Rough sleeping set for steep rise, Crisis warns

10 Aug 17

Rough sleeping in Britain is forecast to rise by 76% in the next decade unless the government takes urgent action, homelessness charity Crisis has stated.

The charity today published its analysis of homelessness in all its guises in England, Scotland and Wales, prompting housing groups to warn the problem is likely to get worse unless more housing becomes available and there are changes to welfare.

According to Crisis, in 2016:

  • 9,100 people were sleeping rough
  • 68,300 households were sofa surfing
  • 37,200 households were living in hostels
  • 19,300 households were living in unsuitable temporary accommodation
  • 12,100 households living in squats
  • 8,900 households sleeping in tents, cars or on public transport
  • 5,000 households in women’s refuges or winter night shelters.

The report warns that, if current policies continue unchanged, the most acute forms of homelessness are likely to keep rising, with overall numbers estimated to increase by 26.5% and households in unsuitable temporary accommodation set to rise by 93%.

Rough sleeping chart Crisis

Source: Crisis

Jon Sparkes, chief executive of Crisis, said: “Regardless of what happens in people’s lives, whatever difficulties they face or choices they make, no one should ever have to face homelessness. With the right support at the right time, it doesn’t need to be inevitable. There are solutions, and we’re determined to find them and make them a reality.”

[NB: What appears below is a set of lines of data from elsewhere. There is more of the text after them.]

(* Let $k>t+1$, $n>2k-t$, and let $\mathcal{S}_p$ be a maximal set of $k$-spaces in $\mathrm{PG}(n,q)$ pairwise intersecting in at least a $t$-space. Let $\psi(\mathcal{S}_p)=\min\{\dim T: T\text{ a subspace},\ \dim(T\cap\alpha)\geq t\ \forall\alpha\in\mathcal{S}_p\}$. If $\psi(\mathcal{S}_p)=t+x$ with $x\geq 2$, then \[|\mathcal{S}_p|\leq(\theta_{k-t})^x\left[{n-t-x\atop k-t-x}\right]_q\left[{t+x+1\atop t+1}\right]_q.\]
   Context: Dimensions are projective; $\left[{n\atop k}\right]_q=\frac{(q^n-1)\cdots(q^{n-k+1}-1)}{(q^k-1)\cdots(q-1)}$ for $k>0$, $=1$ for $k=0$; $\theta_m=\frac{q^{m+1}-1}{q-1}$. Maximal means no further $k$-space can be added keeping the property. *)

theory Defs
  imports "HOL-Analysis.Analysis"
begin

text \<open>PG(n,q) is modelled by the vector space 'a^'m over a finite field 'a with
  q = CARD('a) and n = CARD('m) - 1. A projective d-space is a vector subspace of
  (vector) dimension d+1.\<close>

definition is_kspace :: "nat \<Rightarrow> ('a::field ^ 'm) set \<Rightarrow> bool" where
  "is_kspace k A \<longleftrightarrow> vec.subspace A \<and> vec.dim A = k + 1"

definition pairwise_t_intersecting :: "nat \<Rightarrow> ('a::field ^ 'm) set set \<Rightarrow> bool" where
  "pairwise_t_intersecting t S \<longleftrightarrow> (\<forall>A\<in>S. \<forall>B\<in>S. vec.dim (A \<inter> B) \<ge> t + 1)"

definition maximal_t_intersecting :: "nat \<Rightarrow> nat \<Rightarrow> ('a::field ^ 'm) set set \<Rightarrow> bool" where
  "maximal_t_intersecting k t S \<longleftrightarrow>
     (\<forall>A\<in>S. is_kspace k A) \<and> pairwise_t_intersecting t S \<and>
     (\<forall>B. is_kspace k B \<and> B \<notin> S \<longrightarrow> \<not> pairwise_t_intersecting t (insert B S))"

definition psi :: "nat \<Rightarrow> ('a::field ^ 'm) set set \<Rightarrow> nat" where
  "psi t S = (LEAST d. \<exists>T. vec.subspace T \<and> vec.dim T = d + 1 \<and>
                           (\<forall>\<alpha>\<in>S. vec.dim (T \<inter> \<alpha>) \<ge> t + 1))"

definition gauss_binom :: "real \<Rightarrow> nat \<Rightarrow> nat \<Rightarrow> real" where
  "gauss_binom q n k = (\<Prod>i<k. q ^ (n - i) - 1) / (\<Prod>i<k. q ^ (i + 1) - 1)"

definition theta :: "real \<Rightarrow> nat \<Rightarrow> real" where
  "theta q m = (q ^ (m + 1) - 1) / (q - 1)"

end

theory Submission
  imports Defs
begin

text \<open>Let T be a (t+x)-space meeting every member of S in a t-space; it exists since
  psi(S) = t+x. All bounds come from one double count: the members through a subspace \<sigma>
  against the points w of a set X outside \<sigma>, where the members through \<sigma> and w pass
  through the span of \<sigma> and w, of one dimension more.
  \<^item> At most [n-t-x, k-t-x] k-spaces pass through a (t+x)-space (X: all points).
  \<^item> If t \<le> dim \<sigma> < t+x, minimality of psi yields a member \<beta> meeting \<sigma> in less than a
    t-space, hence a (k-t)-space W of \<beta> missing \<sigma>. Each member through \<sigma> meets \<beta> in
    a t-space and hence meets W, so X = W costs a factor theta(k-t) per dimension,
    x times from a t-space up to a (t+x)-space.
  \<^item> Each member meets T in a t-space, so counting inside T (X = T - \<sigma>) from the empty
    space up to the t-spaces of T costs the factor [t+x+1, t+1].
  In the formal statements dimensions are vector dimensions, one more than the projective ones.\<close>

lemma card_span_independent:
  fixes B :: "('a::{finite,field}^'m) set"
  assumes "vec.independent B"
  shows "card (vec.span B) = CARD('a) ^ card B"
proof -
  have "finite B" by simp
  then show ?thesis using assms
  proof (induction B rule: finite_induct)
    case empty
    then show ?case by simp
  next
    case (insert b B)
    then have indB: "vec.independent B" and bB: "b \<notin> vec.span B"
      using vec.independent_insert[of b B] by auto
    let ?f = "\<lambda>(c::'a, v). c *s b + v"
    have img: "vec.span (insert b B) = ?f ` (UNIV \<times> vec.span B)"
    proof (intro set_eqI iffI)
      fix x assume "x \<in> vec.span (insert b B)"
      then obtain c where "x - c *s b \<in> vec.span B" using vec.span_breakdown_eq by blast
      then show "x \<in> ?f ` (UNIV \<times> vec.span B)"
        by (intro image_eqI[of _ _ "(c, x - c *s b)"]) auto
    next
      fix x assume "x \<in> ?f ` (UNIV \<times> vec.span B)"
      then obtain c v where "v \<in> vec.span B" "x = c *s b + v" by auto
      then show "x \<in> vec.span (insert b B)"
        by (auto simp: vec.span_breakdown_eq intro!: exI[of _ c])
    qed
    have "inj_on ?f (UNIV \<times> vec.span B)"
    proof (rule inj_onI, clarify)
      fix c v c' v'
      assume v: "v \<in> vec.span B" "v' \<in> vec.span B" and eq: "c *s b + v = c' *s b + v'"
      have "c = c'"
      proof (rule ccontr)
        assume "c \<noteq> c'"
        have "(c - c') *s b = v' - v" using eq by (simp add: algebra_simps vector_ssub_ldistrib)
        then have "inverse (c - c') *s ((c - c') *s b) \<in> vec.span B"
          using v by (simp add: vec.span_diff vec.span_scale)
        then show False using bB \<open>c \<noteq> c'\<close> by (simp only: vector_smult_assoc) simp
      qed
      then show "c = c' \<and> v = v'" using eq by simp
    qed
    then have "card (vec.span (insert b B)) = CARD('a) * card (vec.span B)"
      unfolding img by (simp add: card_image card_cartesian_product)
    then show ?case using insert indB by simp
  qed
qed

lemma card_subspace:
  fixes U :: "('a::{finite,field}^'m) set"
  assumes "vec.subspace U"
  shows "card U = CARD('a) ^ vec.dim U"
proof -
  obtain B where "B \<subseteq> U" "vec.independent B" "U \<subseteq> vec.span B" "card B = vec.dim U"
    using vec.basis_exists by blast
  moreover have "vec.span B = U" using calculation assms by (simp add: vec.span_subspace)
  ultimately show ?thesis using card_span_independent by metis
qed

lemma card_subspace_Diff:
  fixes U V :: "('a::{finite,field}^'m) set"
  assumes "vec.subspace U" "vec.subspace V" "V \<subseteq> U"
  shows "real (card (U - V)) = real CARD('a) ^ vec.dim U - real CARD('a) ^ vec.dim V"
proof -
  have "card V \<le> card U" using assms(3) by (simp add: card_mono)
  then show ?thesis using assms by (simp add: card_Diff_subset card_subspace of_nat_diff)
qed

lemma card_subspace_Diff_zero:
  fixes U :: "('a::{finite,field}^'m) set"
  assumes "vec.subspace U"
  shows "real (card (U - {0})) = real CARD('a) ^ vec.dim U - 1"
  using card_subspace_Diff[OF assms vec.subspace_single_0] vec.subspace_0[OF assms] by simp

lemma two_le_card_field: "CARD('a::{finite,field}) \<ge> 2"
proof -
  have "card {0::'a, 1} \<le> CARD('a)" by (rule card_mono) auto
  then show ?thesis by simp
qed

lemma dim_span_insert_subspace:
  fixes U :: "('a::field^'m) set"
  assumes "vec.subspace U" "w \<notin> U"
  shows "vec.dim (vec.span (insert w U)) = vec.dim U + 1"
  using assms by (simp add: vec.dim_insert vec.span_eq_iff[THEN iffD2])

lemma dim_add_le_dim_Int:
  fixes A B U :: "('a::field^'m) set"
  assumes "vec.subspace A" "vec.subspace B" "vec.subspace U" "A \<subseteq> U" "B \<subseteq> U"
  shows "vec.dim A + vec.dim B \<le> vec.dim U + vec.dim (A \<inter> B)"
proof -
  have "{x + y |x y. x \<in> A \<and> y \<in> B} \<subseteq> U" using assms(3-5) by (auto intro: vec.subspace_add)
  then have "vec.dim {x + y |x y. x \<in> A \<and> y \<in> B} \<le> vec.dim U" by (rule vec.dim_subset)
  then show ?thesis using vec.dim_sums_Int[OF assms(1,2)] by linarith
qed

lemma exists_subspace_Int_eq_zero:
  fixes U D :: "('a::field^'m) set"
  assumes "vec.subspace U" "vec.subspace D" "D \<subseteq> U" "m + vec.dim D \<le> vec.dim U"
  shows "\<exists>W. vec.subspace W \<and> W \<subseteq> U \<and> W \<inter> D = {0} \<and> vec.dim W = m"
proof -
  obtain B0 where B0: "B0 \<subseteq> D" "vec.independent B0" "D \<subseteq> vec.span B0" "card B0 = vec.dim D"
    using vec.basis_exists by blast
  obtain B where B: "B0 \<subseteq> B" "B \<subseteq> U" "vec.independent B" "U \<subseteq> vec.span B"
    using vec.maximal_independent_subset_extend[of B0 U] B0 assms by blast
  have "finite B" using B(3) vec.finiteI_independent by blast
  moreover have "card B = vec.dim U" using vec.basis_card_eq_dim B by blast
  ultimately have "m \<le> card (B - B0)"
    using assms(4) B0(4) B(1) by (simp add: card_Diff_subset finite_subset)
  then obtain E where E: "E \<subseteq> B - B0" "card E = m"
    using obtain_subset_with_card_n by (metis Diff_subset)
  have indEB0: "vec.independent (E \<union> B0)" using vec.independent_mono[OF B(3)] E B(1) by blast
  then have indE: "vec.independent E" using vec.independent_mono by blast
  have spanB0: "vec.span B0 = D" using B0 assms(2) by (simp add: vec.span_subspace)
  \<comment> \<open>E and B0 are disjoint parts of one independent set, so their spans meet trivially.\<close>
  have "vec.dim (vec.span (E \<union> B0)) + vec.dim (vec.span E \<inter> vec.span B0)
      = vec.dim (vec.span E) + vec.dim (vec.span B0)"
    using vec.dim_sums_Int[of "vec.span E" "vec.span B0"] by (simp add: vec.span_Un)
  moreover have "card (E \<union> B0) = card E + card B0"
    using E indEB0 vec.finiteI_independent by (subst card_Un_disjoint) auto
  ultimately have "vec.dim (vec.span E \<inter> D) = 0"
    using indE indEB0 B0(2,4) spanB0 by (simp add: vec.dim_eq_card_independent)
  then have "vec.span E \<inter> D = {0}"
    using assms(2) vec.subspace_0 vec.span_zero by (auto simp only: vec.dim_eq_0)
  moreover have "vec.span E \<subseteq> U" using E B assms(1) by (intro vec.span_minimal) auto
  moreover have "vec.dim (vec.span E) = m" using indE E by (simp add: vec.dim_eq_card_independent)
  ultimately show ?thesis by (intro exI[of _ "vec.span E"]) auto
qed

Faye Greaves, policy and practice officer at the Chartered Institute of Housing, commented: “Homelessness has been steadily rising in all its forms since 2010, partly because of the pressures on the housing market but also some of the welfare changes that have come into force over the past few years.

“Today’s report is a stark warning of the potential outcome if we don’t start taking action now.”

A spokesman for the Department for Communities and Local Government said the government plans to spend £550m by 2020 on homelessness, £30m of which will go directly to helping rough sleepers through support on mental health, substance abuse and housing.

He added: “We’re implementing the Homelessness Reduction Act, which will require councils to provide early support to people at risk of becoming homeless. There’s more to do and ministers will set out plans shortly.”